## Problem
Exactly the lines from the start of the data through the line containing "by (intro fundamental_theorem_of_calculus)" should be output, with both ends kept and nothing added.

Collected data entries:

____

lemma lipschitz_integral_exp_weighted_bound:
  fixes F :: "real \<Rightarrow> 'a \<Rightarrow> 'a::euclidean_space"
  assumes "a \<le> s" and K: "0 < K" "2 * L \<le> K"
    and lip: "\<forall>q\<in>{a..s}. L-lipschitz_on UNIV (F q)"
    and int1: "(\<lambda>q. F q (X q)) integrable_on {a..s}"
    and int2: "(\<lambda>q. F q (Y q)) integrable_on {a..s}"
    and close: "\<forall>q\<in>{a..s}. dist (X q) (Y q) \<le> m * exp (K * (q - a))"
  shows "dist (integral {a..s} (\<lambda>q. F q (X q))) (integral {a..s} (\<lambda>q. F q (Y q)))
           \<le> m / 2 * exp (K * (s - a))"
proof -
  have a: "a \<in> {a..s}" using \<open>a \<le> s\<close> by simp
  have L: "0 \<le> L" using lip a lipschitz_on_nonneg by blast
  have "0 \<le> m * exp (K * (a - a))"
    using close a by (meson zero_le_dist order.trans)
  then have m: "0 \<le> m" by simp
  have "((\<lambda>q. L * m * exp (K * (q - a))) has_integral
          (L * m * exp (K * (s - a)) / K - L * m * exp (K * (a - a)) / K)) {a..s}"
    using \<open>a \<le> s\<close> K
    by (intro fundamental_theorem_of_calculus)
       (auto intro!: derivative_eq_intros simp flip: has_real_derivative_iff_has_vector_derivative)
  then have exp_int: "((\<lambda>q. L * m * exp (K * (q - a))) has_integral
          (L * m * exp (K * (s - a)) / K - L * m / K)) {a..s}"
    by simp
  have "norm (F q (X q) - F q (Y q)) \<le> L * m * exp (K * (q - a))" if q: "q \<in> {a..s}" for q
  proof -
    have "norm (F q (X q) - F q (Y q)) \<le> L * dist (X q) (Y q)"
      using lipschitz_onD[of L UNIV "F q"] lip q by (simp add: dist_norm)
    also have "\<dots> \<le> L * (m * exp (K * (q - a)))"
      using close q L by (simp add: mult_left_mono)
    finally show ?thesis by simp
  qed
  then have "norm (integral {a..s} (\<lambda>q. F q (X q) - F q (Y q)))
               \<le> L * m * exp (K * (s - a)) / K - L * m / K"
    using integral_norm_bound_integral[OF integrable_diff[OF int1 int2] has_integral_integrable[OF exp_int]]
      integral_unique[OF exp_int] by simp
  also have "\<dots> \<le> (L / K) * (m * exp (K * (s - a)))"
    using L m K by (simp add: mult.assoc)
  also have "\<dots> \<le> (1 / 2) * (m * exp (K * (s - a)))"
    using K m by (intro mult_right_mono) (auto simp: divide_simps)
  finally show ?thesis
    by (simp add: dist_norm integral_diff[OF int1 int2])
qed

lemma integral_equation_solution_continuous:
  fixes a b :: real and h :: "real \<Rightarrow> 'a::euclidean_space"
  assumes sol: "\<forall>s\<in>{a..b}. (h has_integral (X s - x0)) {a..s}"
  shows "continuous_on {a..b} X"
proof (cases "a \<le> b")
  case True
  then have "(h has_integral (X b - x0)) {a..b}"
    using sol by simp
  then have "continuous_on {a..b} (\<lambda>s. x0 + integral {a..s} h)"
    by (intro continuous_intros indefinite_integral_continuous_1 has_integral_integrable)
  moreover have "x0 + integral {a..s} h = X s" if "s \<in> {a..b}" for s
    using integral_unique[OF sol[rule_format, OF that]] by simp
  ultimately show ?thesis
    by (rule continuous_on_eq)
qed simp

lemma integral_equation_unique:
  fixes F :: "real \<Rightarrow> 'a \<Rightarrow> 'a::euclidean_space"
  assumes lip: "\<forall>r\<in>{a..b}. L-lipschitz_on UNIV (F r)"
    and sol1: "\<forall>s\<in>{a..b}. ((\<lambda>r. F r (X1 r)) has_integral (X1 s - x0)) {a..s}"
    and sol2: "\<forall>s\<in>{a..b}. ((\<lambda>r. F r (X2 r)) has_integral (X2 s - x0)) {a..s}"
  shows "\<forall>s\<in>{a..b}. X1 s = X2 s"
proof (cases "a \<le> b")
  case True
  define K where "K = 2 * L + 2"
  have K: "0 < K" "2 * L \<le> K"
    using lip True lipschitz_on_nonneg[of L UNIV "F a"] by (auto simp: K_def)
  define D where "D r = exp (- (K * (r - a))) * dist (X1 r) (X2 r)" for r
  have "continuous_on {a..b} D"
    unfolding D_def using integral_equation_solution_continuous[OF sol1]
      integral_equation_solution_continuous[OF sol2]
    by (intro continuous_intros)
  then obtain r0 where r0: "r0 \<in> {a..b}" and max: "\<forall>r\<in>{a..b}. D r \<le> D r0"
    using continuous_attains_sup[of "{a..b}" D] True by auto
  have unweight: "dist (X1 q) (X2 q) = D q * exp (K * (q - a))" for q
    by (simp add: D_def exp_minus)
  have close: "dist (X1 q) (X2 q) \<le> D r0 * exp (K * (q - a))" if "q \<in> {a..b}" for q
    using max that unfolding unweight by (simp add: mult_right_mono)
  have half: "D r \<le> D r0 / 2" if r: "r \<in> {a..b}" for r
  proof -
    have sub: "{a..r} \<subseteq> {a..b}" using r by auto
    have "dist (X1 r) (X2 r)
          = dist (integral {a..r} (\<lambda>q. F q (X1 q))) (integral {a..r} (\<lambda>q. F q (X2 q)))"
      using integral_unique[OF sol1[rule_format, OF r]] integral_unique[OF sol2[rule_format, OF r]]
      by (simp add: dist_norm)
    also have "\<dots> \<le> D r0 / 2 * exp (K * (r - a))"
      using sol1 sol2 r sub lip close
      by (intro lipschitz_integral_exp_weighted_bound[OF _ K]) (auto dest: has_integral_integrable)
    finally show ?thesis unfolding unweight by simp
  qed
  have "D r0 \<le> 0" using half[OF r0] by simp
  then have "D s \<le> 0" if "s \<in> {a..b}" for s
    using max that by (meson order.trans)
  moreover have "0 \<le> D s" for s
    by (simp add: D_def)
  ultimately show ?thesis
    using unweight by (metis dist_eq_0_iff mult_zero_left order.antisym)
qed simp

lemma ext_cont_in_bcontfun:
  fixes f :: "'a::euclidean_space \<Rightarrow> 'b::metric_space"
  assumes "continuous_on (cbox a b) f"
  shows "ext_cont f a b \<in> bcontfun"
  using assms
  by (auto intro!: continuous_on_ext_cont simp: bcontfun_def)
    (auto simp: ext_cont_def intro!: clamp_bounded compact_imp_bounded[OF compact_continuous_image])

(* The Picard map X \<mapsto> x0 + integral {a..s} F r (X r) conjugated by the weight exp (K (s - a)). *)
definition weighted_picard ::
    "real \<Rightarrow> real \<Rightarrow> (real \<Rightarrow> 'a \<Rightarrow> 'a::euclidean_space) \<Rightarrow> 'a \<Rightarrow> (real \<Rightarrow> 'a) \<Rightarrow> real \<Rightarrow> 'a"
  where "weighted_picard a K F x0 \<phi> s =
    exp (- (K * (s - a))) *\<^sub>R (x0 + integral {a..s} (\<lambda>r. F r (exp (K * (r - a)) *\<^sub>R \<phi> r)))"
lemma card_le_vanishing_subcode:
  assumes lin: "is_binary_linear_code n C" and J: "J \<subseteq> {..<n}"
  shows "card C \<le> 2 ^ card J * card (vanishing_subcode C J)"
proof -
  define P where "P c = map ((!) c) (sorted_list_of_set J)" for c :: "bool list"
  define rep where "rep v = (SOME c. c \<in> C \<and> P c = v)" for v
  \<comment> \<open>Each fibre of P is a translate of the vanishing subcode, so f is injective.\<close>
  define f where "f c = (P c, xor_word c (rep (P c)))" for c
  have words: "length c = n" if "c \<in> C" for c
    using lin that unfolding is_binary_linear_code_def by auto
  have rep: "rep (P c) \<in> C \<and> P (rep (P c)) = P c" if "c \<in> C" for c
  proof -
    have "c \<in> C \<and> P c = P c" using that by simp
    then show ?thesis unfolding rep_def by (rule someI)
  qed
  have "inj_on f C"
  proof (rule inj_onI)
    fix x y assume x: "x \<in> C" and y: "y \<in> C" and "f x = f y"
    then have "P x = P y" "xor_word x (rep (P x)) = xor_word y (rep (P x))"
      unfolding f_def by auto
    then show "x = y"
      using xor_word_cancel_right[of x "rep (P x)" y] words x y rep by simp
  qed
  moreover have "f ` C \<subseteq> P ` C \<times> vanishing_subcode C J"
  proof (rule image_subsetI)
    fix c assume c: "c \<in> C"
    have "P c = P (rep (P c))" using rep c by simp
    then have "c ! j = rep (P c) ! j" if "j \<in> J" for j
      using that J unfolding P_def by (simp add: finite_subset)
    then have "xor_word c (rep (P c)) \<in> vanishing_subcode C J"
      using lin c rep[OF c] words J
      unfolding vanishing_subcode_def is_binary_linear_code_def by auto
    then show "f c \<in> P ` C \<times> vanishing_subcode C J" unfolding f_def using c by blast
  qed
  moreover have "finite (P ` C \<times> vanishing_subcode C J)"
    using finite_binary_linear_code[OF lin] by (simp add: vanishing_subcode_def)
  ultimately have "card C \<le> card (P ` C \<times> vanishing_subcode C J)"
    by (rule card_inj_on_le)
  also have "\<dots> = card (P ` C) * card (vanishing_subcode C J)"
    by (rule card_cartesian_product)
  also have "\<dots> \<le> 2 ^ card J * card (vanishing_subcode C J)"
  proof (rule mult_right_mono)
    have "P ` C \<subseteq> {x. length x = card J}" unfolding P_def by auto
    then show "card (P ` C) \<le> 2 ^ card J"
      using card_mono[OF finite_bool_lists_length] card_bool_lists_length by metis
  qed simp
  finally show ?thesis .
qed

____

## Output for this task
lemma lipschitz_integral_exp_weighted_bound:
  fixes F :: "real \<Rightarrow> 'a \<Rightarrow> 'a::euclidean_space"
  assumes "a \<le> s" and K: "0 < K" "2 * L \<le> K"
    and lip: "\<forall>q\<in>{a..s}. L-lipschitz_on UNIV (F q)"
    and int1: "(\<lambda>q. F q (X q)) integrable_on {a..s}"
    and int2: "(\<lambda>q. F q (Y q)) integrable_on {a..s}"
    and close: "\<forall>q\<in>{a..s}. dist (X q) (Y q) \<le> m * exp (K * (q - a))"
  shows "dist (integral {a..s} (\<lambda>q. F q (X q))) (integral {a..s} (\<lambda>q. F q (Y q)))
           \<le> m / 2 * exp (K * (s - a))"
proof -
  have a: "a \<in> {a..s}" using \<open>a \<le> s\<close> by simp
  have L: "0 \<le> L" using lip a lipschitz_on_nonneg by blast
  have "0 \<le> m * exp (K * (a - a))"
    using close a by (meson zero_le_dist order.trans)
  then have m: "0 \<le> m" by simp
  have "((\<lambda>q. L * m * exp (K * (q - a))) has_integral
          (L * m * exp (K * (s - a)) / K - L * m * exp (K * (a - a)) / K)) {a..s}"
    using \<open>a \<le> s\<close> K
    by (intro fundamental_theorem_of_calculus)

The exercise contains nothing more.